(* There is a function $f'$ with $f'(t,k)=O_t(k^t)$ (i.e., for each fixed $t$ there is $C_t$ with $f'(t,k)\le C_t k^t$ for all $k\ge1$) such that every $\mathcal{O}_k$-free graph $G$ with no $K_{t,t}$ subgraph contains a set $X$ of at most $f'(t,k)$ vertices intersecting every banana of $G$.
   Context: All graphs are finite and simple. Two vertex-disjoint subgraphs are independent if there is no edge between them. A graph $G$ is $\mathcal{O}_k$-free if it does not contain $k$ pairwise vertex-disjoint and pairwise independent cycles; equivalently, $G$ has no induced subgraph isomorphic to a disjoint union of $k$ cycles. A banana in $G$ is a pair of distinct vertices together with at least two internally vertex-disjoint paths between them all of whose internal vertices have degree exactly 2 in $G$; a set $X$ intersects the banana if it contains a vertex of the banana (one of the two vertices or an internal vertex of one of these paths). *)

theory Defs
  imports Main
begin

definition simple_graph :: "'a set \<Rightarrow> ('a \<Rightarrow> 'a \<Rightarrow> bool) \<Rightarrow> bool" where
  "simple_graph V E \<longleftrightarrow> finite V \<and> (\<forall>x y. E x y \<longrightarrow> x \<in> V \<and> y \<in> V)
     \<and> (\<forall>x y. E x y \<longrightarrow> E y x) \<and> (\<forall>x. \<not> E x x)"

definition degree :: "'a set \<Rightarrow> ('a \<Rightarrow> 'a \<Rightarrow> bool) \<Rightarrow> 'a \<Rightarrow> nat" where
  "degree V E x = card {y \<in> V. E x y}"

**WORK INSTRUCTION:**
A faithful, complete reproduction of the listing above is requested.

**EXERCISE OUTPUT:**
(* There is a function $f'$ with $f'(t,k)=O_t(k^t)$ (i.e., for each fixed $t$ there is $C_t$ with $f'(t,k)\le C_t k^t$ for all $k\ge1$) such that every $\mathcal{O}_k$-free graph $G$ with no $K_{t,t}$ subgraph contains a set $X$ of at most $f'(t,k)$ vertices intersecting every banana of $G$.
   Context: All graphs are finite and simple. Two vertex-disjoint subgraphs are independent if there is no edge between them. A graph $G$ is $\mathcal{O}_k$-free if it does not contain $k$ pairwise vertex-disjoint and pairwise independent cycles; equivalently, $G$ has no induced subgraph isomorphic to a disjoint union of $k$ cycles. A banana in $G$ is a pair of distinct vertices together with at least two internally vertex-disjoint paths between them all of whose internal vertices have degree exactly 2 in $G$; a set $X$ intersects the banana if it contains a vertex of the banana (one of the two vertices or an internal vertex of one of these paths). *)

theory Defs
  imports Main
begin

definition simple_graph :: "'a set \<Rightarrow> ('a \<Rightarrow> 'a \<Rightarrow> bool) \<Rightarrow> bool" where
  "simple_graph V E \<longleftrightarrow> finite V \<and> (\<forall>x y. E x y \<longrightarrow> x \<in> V \<and> y \<in> V)
     \<and> (\<forall>x y. E x y \<longrightarrow> E y x) \<and> (\<forall>x. \<not> E x x)"

definition degree :: "'a set \<Rightarrow> ('a \<Rightarrow> 'a \<Rightarrow> bool) \<Rightarrow> 'a \<Rightarrow> nat" where
  "degree V E x = card {y \<in> V. E x y}"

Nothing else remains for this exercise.